Before departing on their international trip, their March 4 concert featured a premiere performance of Sky Macklay’s X+X=?, an alto sax and French horn double concerto for mixed ability levels.
Like all Leading Tones Music composers, Sky Macklay was happy to share some personalized insights about her life, career, and composition strategies with the Spring Lake Park band students (video below). A nationally-celebrated composer of modern music, Macklay said of her concerto, “I really like writing music that uses math or processed-based composition, so I just thought of the simplest mathematical formula I could think of: adding. First, I introduced the themes in both instruments, and then I combined them in different ways: totally on top of each other, with shorter motives from each melody, and adding them together.” How about that for an interdisciplinary approach to music-making! Of the mixed-level music concept, Sky expressed, “I really like writing music that brings people together, so I’m really excited that this piece brings together a more advanced band with perhaps soloists who are more beginners.”
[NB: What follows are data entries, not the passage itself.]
(* Let $\theta_N=1+N^{-2/3}w_N$ with $w_N>0$, $(\log\log N)^2/w_N\to0$ and $w_N/(\log N)^2\to0$. For $1\le i\le N$ let $r_i=1+\sqrt{1-\frac{i-1}{N\theta_N^2}}$, $m_i=1-\sqrt{1-\frac{i-1}{N\theta_N^2}}$, $\gamma_i=m_i/r_i$; for $2\le i\le N$ let $\delta_i=\frac{m_i}{r_i}-\frac{m_i}{r_{i-1}}$, and for $3\le i\le N$ let \[ T_{\delta i}=\delta_i+\gamma_i\delta_{i-1}+\gamma_i\gamma_{i-1}\delta_{i-2}+\dots+\gamma_i\gamma_{i-1}\cdots\gamma_4\delta_3. \] Then, for large enough $N$, \[ \sum_{i=3}^NT_{\delta i}=\frac16\log N+O(\log\log N). \] *)

theory Defs
  imports "HOL-Analysis.Analysis" "HOL-Library.Landau_Symbols"
begin

definition theta :: "(nat \<Rightarrow> real) \<Rightarrow> nat \<Rightarrow> real" where
  "theta w N = 1 + real N powr (-2/3) * w N"

definition rr :: "(nat \<Rightarrow> real) \<Rightarrow> nat \<Rightarrow> nat \<Rightarrow> real" where
  "rr w N i = 1 + sqrt (1 - (real i - 1) / (real N * (theta w N)^2))"

definition mm :: "(nat \<Rightarrow> real) \<Rightarrow> nat \<Rightarrow> nat \<Rightarrow> real" where
  "mm w N i = 1 - sqrt (1 - (real i - 1) / (real N * (theta w N)^2))"

definition gam :: "(nat \<Rightarrow> real) \<Rightarrow> nat \<Rightarrow> nat \<Rightarrow> real" where
  "gam w N i = mm w N i / rr w N i"

definition delta :: "(nat \<Rightarrow> real) \<Rightarrow> nat \<Rightarrow> nat \<Rightarrow> real" where
  "delta w N i = mm w N i / rr w N i - mm w N i / rr w N (i - 1)"

definition Tdelta :: "(nat \<Rightarrow> real) \<Rightarrow> nat \<Rightarrow> nat \<Rightarrow> real" where
  "Tdelta w N i = (\<Sum>j=3..i. (\<Prod>k=j+1..i. gam w N k) * delta w N j)"

end

theory Submission
  imports Defs "HOL-Real_Asymp.Real_Asymp"
begin

text \<open>Write c = N theta_N^2 and rho_i = sqrt (1 - (i - 1) / c), so that gamma_i = (1 - rho_i) / (1 + rho_i).
Since c (rho_(i-1)^2 - rho_i^2) = 1, the increment delta_i factors as (1 - gamma_i) A_i, where
A_i is close to 1 / (4 c rho_i^2) and increases with i. Hence T_i = delta_i + gamma_i T_(i-1) is a
convex combination of T_(i-1) and A_i: the T_i stay below the A_i, and the accumulated lag
sum (A_i - T_i) is at most A_N / (1 - gamma_N) = O(1). Comparing A_i with the increments of
-(ln rho_i^2) / 4 gives sum A_i = -(ln rho_N^2) / 4 + O(1), and rho_N^2 is comparable to
t = N^(-2/3) w_N. So the sum is (ln N) / 6 - (ln w_N) / 4 + O(1), and 0 <= ln w_N <= 2 ln ln N.\<close>

definition discounted_sum :: "(nat \<Rightarrow> real) \<Rightarrow> (nat \<Rightarrow> real) \<Rightarrow> nat \<Rightarrow> nat \<Rightarrow> real" where
  "discounted_sum g d m i = (\<Sum>j=m..i. (\<Prod>k=j+1..i. g k) * d j)"

lemma discounted_sum_start: "discounted_sum g d m m = d m"
  by (simp add: discounted_sum_def)

lemma discounted_sum_Suc:
  assumes "m \<le> Suc i"
  shows "discounted_sum g d m (Suc i) = d (Suc i) + g (Suc i) * discounted_sum g d m i"
proof -
  have "discounted_sum g d m (Suc i) = (\<Sum>j=m..i. (\<Prod>k=j+1..Suc i. g k) * d j) + d (Suc i)"
    unfolding discounted_sum_def using assms by (simp add: sum.cl_ivl_Suc)
  also have "(\<Sum>j=m..i. (\<Prod>k=j+1..Suc i. g k) * d j) = g (Suc i) * discounted_sum g d m i"
    unfolding discounted_sum_def sum_distrib_left by (intro sum.cong) (auto simp: prod.cl_ivl_Suc)
  finally show ?thesis by simp
qed

context
  fixes g d A :: "nat \<Rightarrow> real" and m n :: nat
  assumes mn: "m \<le> n"
    and split: "\<And>i. i \<in> {m..n} \<Longrightarrow> d i = (1 - g i) * A i"
    and g_nonneg: "\<And>i. i \<in> {m..n} \<Longrightarrow> 0 \<le> g i"
    and A_nonneg: "0 \<le> A m"
    and A_mono: "mono_on {m..n} A"
begin

lemma target_minus_discounted_sum_start: "A m - discounted_sum g d m m = g m * A m"
  using split[of m] mn by (simp add: discounted_sum_start algebra_simps)

lemma target_minus_discounted_sum_Suc:
  assumes "m \<le> i" "i < n"
  shows "A (Suc i) - discounted_sum g d m (Suc i) = g (Suc i) * (A (Suc i) - discounted_sum g d m i)"
  using assms split[of "Suc i"] by (simp add: discounted_sum_Suc algebra_simps)

lemma discounted_sum_le_target:
  assumes "i \<in> {m..n}"
  shows "discounted_sum g d m i \<le> A i"
proof -
  have "m \<le> i" "i \<le> n" using assms by auto
  then show ?thesis
  proof (induction i rule: dec_induct)
    case base
    show ?case
      using target_minus_discounted_sum_start mult_nonneg_nonneg[OF g_nonneg[of m] A_nonneg] mn
      by simp
  next
    case (step i)
    have "A i \<le> A (Suc i)" using A_mono step by (auto intro: mono_onD)
    then have "0 \<le> g (Suc i) * (A (Suc i) - discounted_sum g d m i)"
      using step g_nonneg[of "Suc i"] by simp
    then show ?case using target_minus_discounted_sum_Suc[of i] step by simp
  qed
qed
theorem theorem2p10:
  fixes A :: "'a::{finite, ab_group_add} set" and \<rho> :: nat
  assumes "\<rho> \<ge> 4"
    and "gen_subgroup A = UNIV"
    and "diam_plus A \<ge> enat \<rho>"
    and "real (card A) > 3 / (2 * real \<rho>) * real (card (UNIV :: 'a set))"
  shows "\<exists>H g. add_subgroup H \<and>
           A \<subseteq> H \<union> coset g H \<and>
           real (card A) > (2 - (real \<rho> - 3) / (2 * real \<rho>)) * real (card H) \<and>
           quotient_cyclic H \<and>
           \<rho> + 1 \<le> card (quotient_cosets H) \<and>
           real (card (quotient_cosets H)) < 4 / 3 * real \<rho> \<and>
           coset_generates g H"
proof -
  define B where "B = insert 0 A"
  have S: "sumset_pow A (\<rho> - 1) \<noteq> UNIV"
    using assms(1,3) by (intro sumset_pow_ne_UNIV_if_less_diam) auto
  have "B \<noteq> UNIV"
    using sumset_pow_ne_UNIV_if_less_diam[OF assms(3), of "Suc 0"] assms(1)
    unfolding B_def sumset_pow_Suc_0 by simp
  note conn = connectivity_bounds[OF assms(1) S assms(4), folded B_def]
  obtain H where H: "add_subgroup H" and "fragment B H"
    using \<open>B \<noteq> UNIV\<close> by (rule add_subgroup_fragment_exists)
  moreover have "gen_subgroup B = UNIV"
    using assms(2) unfolding gen_subgroup_eq_UNIV_iff B_def by blast
  moreover have "0 \<in> B"
    unfolding B_def by simp
  ultimately obtain g where "B \<subseteq> H \<union> coset g H" and conn_H: "connectivity B = int (card H)"
    using subgroup_fragment_two_cosets[OF H \<open>fragment B H\<close> \<open>0 \<in> B\<close> _ conn(2)] by blast
  then have AH: "A \<subseteq> H \<union> coset g H"
    unfolding B_def by blast
  define m where "m = card (quotient_cosets H)"
  have n: "card H * m = card (UNIV :: 'a set)"
    unfolding m_def using H by (rule card_mult_card_quotient_cosets)
  have "card A \<le> 2 * card H"
    using card_mono[of "H \<union> coset g H" A] AH card_Un_le[of H "coset g H"] by (simp add: card_coset)
  moreover have "\<rho> * card H < card H * m"
    using conn(1) n conn_H by (simp flip: of_nat_mult)
  ultimately have "\<rho> + 1 \<le> m" and "real m < 4 / 3 * real \<rho>"
    and "(2 - (real \<rho> - 3) / (2 * real \<rho>)) * real (card H) < real (card A)"
    using quotient_index_bounds[of \<rho> "card H" m "card A"] assms(1,4) n by simp_all
  moreover have "coset_generates g H"
    using assms(2) AH by (rule coset_generates_if_subset_two_cosets)
  ultimately show ?thesis
    using H AH unfolding m_def quotient_cyclic_def by blast
qed
lemma excess_risk01_le:
  assumes G: "\<And>j. (\<lambda>x. G x j) \<in> borel_measurable Xs" and finite: "risk_L D K G \<noteq> \<infinity>"
  shows "risk01 D (\<lambda>x. argmaxK K (G x)) - risk01_star Xs D K
    \<le> (\<integral>x. sqrt (2 * cond_excess_L G x) \<partial>marginal)"
  unfolding risk01_eq_risk_defer
proof (rule risk_defer_excess_le[OF _ _ _ risk01_star_ge integrable_sqrt_cond_excess_L[OF G finite]])
  show "(\<lambda>x. Some (argmaxK K (G x))) \<in> Xs \<rightarrow>\<^sub>M count_space UNIV"
    using measurable_compose[OF measurable_argmaxK_scores[OF G] measurable_count_space] .
  show "(\<lambda>x. 1 - max_class_prob K (cond_dist x)) \<in> borel_measurable Xs" by measurable
  show "0 \<le> 1 - max_class_prob K (cond_dist x) \<and> 1 - max_class_prob K (cond_dist x) \<le> 1" for x
    using max_class_prob_bounds[OF label_dist_cond_dist] K_gt_1 by simp
  show "cond_risk_defer K (cond_dist x) (Some (argmaxK K (G x))) - (1 - max_class_prob K (cond_dist x))
      \<le> sqrt (2 * cond_excess_L G x)" for x
    unfolding cond_excess_L_def using label_dist_cond_dist K_gt_1 by (rule cond_excess_risk01_le)
qed

lemma excess_risk_defer_le:
  assumes G: "\<And>j. (\<lambda>x. G x j) \<in> borel_measurable Xs" and finite: "risk_L D K G \<noteq> \<infinity>"
  shows "risk_defer D (\<lambda>x. phi K (G x)) - risk_defer_star Xs D K
    \<le> (\<integral>x. sqrt (2 * cond_excess_L G x) \<partial>marginal)"
proof (rule risk_defer_excess_le[OF _ _ _ risk_defer_star_ge integrable_sqrt_cond_excess_L[OF G finite]])
  show "(\<lambda>x. phi K (G x)) \<in> Xs \<rightarrow>\<^sub>M count_space UNIV"
    using G by (rule measurable_phi_scores)
  show "(\<lambda>x. min (1 - expert_acc K (cond_dist x)) (1 - max_class_prob K (cond_dist x))) \<in> borel_measurable Xs"
    by measurable
  show "0 \<le> min (1 - expert_acc K (cond_dist x)) (1 - max_class_prob K (cond_dist x))
      \<and> min (1 - expert_acc K (cond_dist x)) (1 - max_class_prob K (cond_dist x)) \<le> 1" for x
    using max_class_prob_bounds[OF label_dist_cond_dist] expert_acc_bounds[OF label_dist_cond_dist] K_gt_1
    by (auto simp: min_def)
  show "cond_risk_defer K (cond_dist x) (phi K (G x))
      - min (1 - expert_acc K (cond_dist x)) (1 - max_class_prob K (cond_dist x))
      \<le> sqrt (2 * cond_excess_L G x)" for x
    unfolding cond_excess_L_def using label_dist_cond_dist K_gt_1 by (rule cond_excess_risk_defer_le)
qed

text \<open>The scores \<open>g\<close> are only assumed measurable in the coordinates \<open>1..K+1\<close>, which are the only
  ones the risks look at; all other coordinates are replaced by \<open>undefined\<close>.\<close>

lemma excess_risks_le:
  assumes g: "g \<in> meas_scores Xs K" and finite: "risk_L D K g \<noteq> \<infinity>"
  shows "max (risk01 D (\<lambda>x. argmaxK K (g x)) - risk01_star Xs D K)
             (risk_defer D (\<lambda>x. phi K (g x)) - risk_defer_star Xs D K)
           \<le> sqrt (2 * (enn2real (risk_L D K g) - enn2real (risk_L_star Xs D K)))"
proof -
  define G where "G x = restrict (g x) {1..K+1}" for x
  have G: "(\<lambda>x. G x j) \<in> borel_measurable Xs" for j
    using g by (cases "j \<in> {1..K+1}") (auto simp: G_def meas_scores_def)
  have agree: "j \<in> {1..K+1} \<Longrightarrow> G x j = g x j" for x j by (simp add: G_def)
  then have "L_psi K (G x) y m = L_psi K (g x) y m" if "y \<in> {1..K}" for x y m
    using that by (rule L_psi_cong)
  then have risk_L_G: "risk_L D K G = risk_L D K g"
    unfolding risk_L_def by (intro nn_integral_cong) (auto simp: space_D)
  have finite_G: "risk_L D K G \<noteq> \<infinity>" using finite by (simp add: risk_L_G)
  note integral_le = integral_sqrt_cond_excess_L_le[of G, OF G finite_G]
  have "risk01 D (\<lambda>x. argmaxK K (G x)) - risk01_star Xs D K
      \<le> sqrt (2 * (enn2real (risk_L D K G) - enn2real (risk_L_star Xs D K)))"
    using excess_risk01_le[of G, OF G finite_G] integral_le by (rule order_trans)
  moreover have "risk_defer D (\<lambda>x. phi K (G x)) - risk_defer_star Xs D K
      \<le> sqrt (2 * (enn2real (risk_L D K G) - enn2real (risk_L_star Xs D K)))"
    using excess_risk_defer_le[of G, OF G finite_G] integral_le by (rule order_trans)
  moreover have "argmaxK K (G x) = argmaxK K (g x)" "phi K (G x) = phi K (g x)" for x
    using agree by (auto intro: argmaxK_cong phi_cong)
  ultimately show ?thesis by (simp add: risk_L_G)
qed

end

lemma deferral_problemI:
  assumes "1 < K" "prob_space D"
    and "sets D = sets (Xs \<Otimes>\<^sub>M count_space {1..K} \<Otimes>\<^sub>M count_space {1..K})"
  shows "deferral_problem Xs D K"
proof (intro deferral_problem.intro labelled_prob_space.intro labelled_prob_space_axioms.intro
    deferral_problem_axioms.intro)
  have "count_space {1..K} \<Otimes>\<^sub>M count_space {1..K} = count_space ({1..K} \<times> {1..K})"
    by (intro pair_measure_countable countable_finite) simp_all
  then show "sets D = sets (Xs \<Otimes>\<^sub>M count_space ({1..K} \<times> {1..K}))"
    using assms(3) by (simp only:)
qed (use assms(1,2) in simp_all)

theorem theorem3:
  fixes Xs :: "'a measure" and D :: "('a \<times> nat \<times> nat) measure"
    and K :: nat and g :: "'a \<Rightarrow> nat \<Rightarrow> real"
  assumes "K > 1"
    and "prob_space D"
    and "sets D = sets (Xs \<Otimes>\<^sub>M count_space {1..K} \<Otimes>\<^sub>M count_space {1..K})"
    and "g \<in> meas_scores Xs K"
  shows "risk_L D K g = \<infinity> \<or>
         max (risk01 D (\<lambda>x. argmaxK K (g x)) - risk01_star Xs D K)
             (risk_defer D (\<lambda>x. phi K (g x)) - risk_defer_star Xs D K)
           \<le> sqrt (2 * (enn2real (risk_L D K g) - enn2real (risk_L_star Xs D K)))"
proof -
  interpret deferral_problem Xs D K
    using assms(1-3) by (rule deferral_problemI)
  show ?thesis
    using excess_risks_le[OF assms(4)] by blast
qed

end
lemma \<phi>_Diag_off_diagonal: "\<exists>\<beta>. \<forall>d\<in>D. \<phi> d $1$2 = \<beta> * (d$2$2 - d$1$1)"
proof (rule diagonal_twisted_derivation_is_inner[OF D_Diag])
  show "d ** e \<in> D" if "d \<in> D" "e \<in> D" for d e
    using subgroup.m_closed[OF D_subgroup] that by simp
  show "\<phi> (d ** e) $1$2 = d$1$1 * \<phi> e $1$2 + \<phi> d $1$2 * e$2$2" if "d \<in> D" "e \<in> D" for d e
    using \<phi>_mult[of d e] subsetD[OF subset_DU[of D]] that \<phi>_Diag_diagonal[of d] \<phi>_Diag_diagonal[of e]
    by simp
qed

lemma eq_conjugation_if_eq_on_generators:
  assumes "A \<in> carrier GL2" and "\<And>x. x \<in> D \<union> {unip} \<Longrightarrow> \<phi> x = A ** x ** inv\<^bsub>GL2\<^esub> A"
    and "x \<in> DU D"
  shows "\<phi> x = A ** x ** inv\<^bsub>GL2\<^esub> A"
proof (rule group.hom_eq_on_generate[OF H_group \<phi>_hom _ group_GL2])
  show "(\<lambda>x. A ** x ** inv\<^bsub>GL2\<^esub> A) \<in> hom H GL2"
    using group.conjugation_hom[OF group_GL2 assms(1)] DU_invertible by (auto simp: hom_def)
  show "D \<union> {unip} \<subseteq> carrier H"
    using generators_subset_DU by simp
  show "x \<in> generate H (D \<union> {unip})"
    unfolding group.generate_consistent[OF group_GL2 generators_subset_DU DU_subgroup]
    using DU_subset_generate assms(3) ..
qed (rule assms(2))

end

theorem proposition3p4:
  fixes p :: nat and D :: "('k::{field,finite}^2^2) set"
    and \<phi> :: "'k^2^2 \<Rightarrow> 'k^2^2"
  assumes "Factorial_Ring.prime p" and "CARD('k) = p"
    and "subgroup D GL2" and "D \<subseteq> Diag"
    and "subgroup (DU D) GL2"
    and "p dvd card (DU D)"
    and "\<phi> \<in> iso (GL2\<lparr>carrier := DU D\<rparr>) (GL2\<lparr>carrier := DU D\<rparr>)"
    and "\<And>x. x \<in> DU D \<Longrightarrow> Ugrp #>\<^bsub>GL2\<^esub> x = Ugrp #>\<^bsub>GL2\<^esub> (\<phi> x)"
  shows "\<exists>A \<in> Borel. \<forall>x \<in> DU D. \<phi> x = A ** x ** inv\<^bsub>GL2\<^esub> A"
proof -
  interpret Ugrp_coset_preserving_aut D \<phi>
    by (rule Ugrp_coset_preserving_aut.intro) (fact assms)+
  obtain a where a: "a \<noteq> 0" "\<phi> unip = mat2 1 a 0 1"
    using \<phi>_unip by blast
  obtain \<beta> where \<beta>: "\<forall>d\<in>D. \<phi> d $1$2 = \<beta> * (d$2$2 - d$1$1)"
    using \<phi>_Diag_off_diagonal by blast
  define A where "A = mat2 a \<beta> 0 1"
  have A_GL2: "A \<in> carrier GL2" and A_inv: "inv\<^bsub>GL2\<^esub> A = mat2 (1/a) (- \<beta>/a) 0 1"
    using upper_triangular_in_GL2[OF a(1), of 1 \<beta>] by (simp_all add: A_def)
  have "\<phi> x = A ** x ** inv\<^bsub>GL2\<^esub> A" if "x \<in> D \<union> {unip}" for x
  proof (cases "x = unip")
    case True
    show ?thesis
      unfolding True A_inv using a by (simp add: A_def mat_eq_iff_2 field_simps)
  next
    case False
    with that have "x \<in> D"
      by blast
    with DiagD[OF subsetD[OF D_Diag this]] show ?thesis
      unfolding A_inv using a(1) \<beta> \<phi>_Diag_diagonal by (simp add: A_def mat_eq_iff_2 field_simps)
  qed
  moreover have "A \<in> Borel"
    using a(1) by (simp add: A_def Borel_def)
  ultimately show ?thesis
    using eq_conjugation_if_eq_on_generators[OF A_GL2] by blast
qed

end
(* Let $V$ be a finite set of variables, let $D_{\mathit{dag}}$ be the ABA framework defined in the context, and let $\sigma\in\{\text{preferred},\text{stable}\}$. Then each directed acyclic graph $G$ with node set $V$ corresponds to a unique $S\in\sigma(D_{\mathit{dag}})$ and vice versa, where $S$ corresponds to the graph $(V,\{(x,y)\mid \mathit{arr}_{xy}\in S\})$.
   Context: Assumption-based argumentation (ABA). An ABA framework is a tuple $D=(\mathcal L,\mathcal R,\mathcal A,\overline{\cdot})$ with sentences $\mathcal L$, rules $\mathcal R$ of the form $a_0\leftarrow a_1,\dots,a_n$ ($n\ge0$), assumptions $\mathcal A\subseteq\mathcal L$ and contrary function $\overline{\cdot}:\mathcal A\to\mathcal L$. For $S\subseteq\mathcal A$, $S\vdash q$ if there is a finite rooted labelled tree with root $q$, set of leaf labels $S$ or $S\cup\{\top\}$, and every inner node labelled by the head of some rule whose children are labelled by the distinct body elements of that rule (a single child $\top$ for an empty body). $S$ attacks $T$ if some $S'\subseteq S$ derives $\overline a$ for some $a\in T$. $S$ is conflict-free if it does not attack itself; it defends $T$ if it attacks every attacker of $T$; admissible if conflict-free and self-defending; complete if admissible and contains every assumption set it defends; preferred if $\subseteq$-maximal complete; stable if admissible and it attacks $\{a\}$ for every assumption $a\notin S$. The framework $D_{\mathit{dag}}$: for a finite set $V$, assumptions are $\mathit{arr}_{xy}$ for all ordered pairs $x\ne y$ in $V$ and one assumption $\mathit{noe}_{xy}=\mathit{noe}_{yx}$ per unordered pair of distinct variables; each assumption $a$ has its own distinct fresh contrary $\overline a$; rules are (i) $\overline a\leftarrow b$ for all distinct $a,b\in\{\mathit{arr}_{xy},\mathit{arr}_{yx},\mathit{noe}_{xy}\}$; (ii) for every sequence $x_1\dots x_k$ of variables with consecutive elements distinct and $x_1=x_k$, and every $1\le i<k$, the rule $\overline{\mathit{arr}_{x_ix_{i+1}}}\leftarrow\mathit{arr}_{x_1x_2},\dots,\mathit{arr}_{x_{k-1}x_k}$. *)

theory Defs
  imports Main
begin

text \<open>A rule a0 <- a1,...,an is represented as the pair (a0, {a1,...,an}).\<close>
type_synonym 'l rule = "'l \<times> 'l set"

record 'l aba =
  lang  :: "'l set"
  rules :: "'l rule set"
  asms  :: "'l set"
  contr :: "'l \<Rightarrow> 'l"

text \<open>Finite rooted labelled trees; Top is the special label for empty rule bodies.\<close>
datatype 'l dtree = Top | Nd 'l "'l dtree list"

fun root :: "'l dtree \<Rightarrow> 'l option" where
  "root Top = None"
| "root (Nd a _) = Some a"

fun leaves :: "'l dtree \<Rightarrow> 'l set" where
  "leaves Top = {}"
| "leaves (Nd a []) = {a}"
| "leaves (Nd a (t # ts)) = (\<Union>c\<in>set (t # ts). leaves c)"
Band director Nora Tycast expressed that Sky Macklay’s personalized video clip “completely personalizes the composition for the students and for us [music educators].” Her band director colleague Brian Lukkasson agrees, "It is so important to get composers’ voices and stories in rehearsals and for students ‘meet’ the composers of their music. X+X=? is such a creative and intellectual piece that is also really accessible and enjoyable for students and an audience. That’s a tough balance to strike!"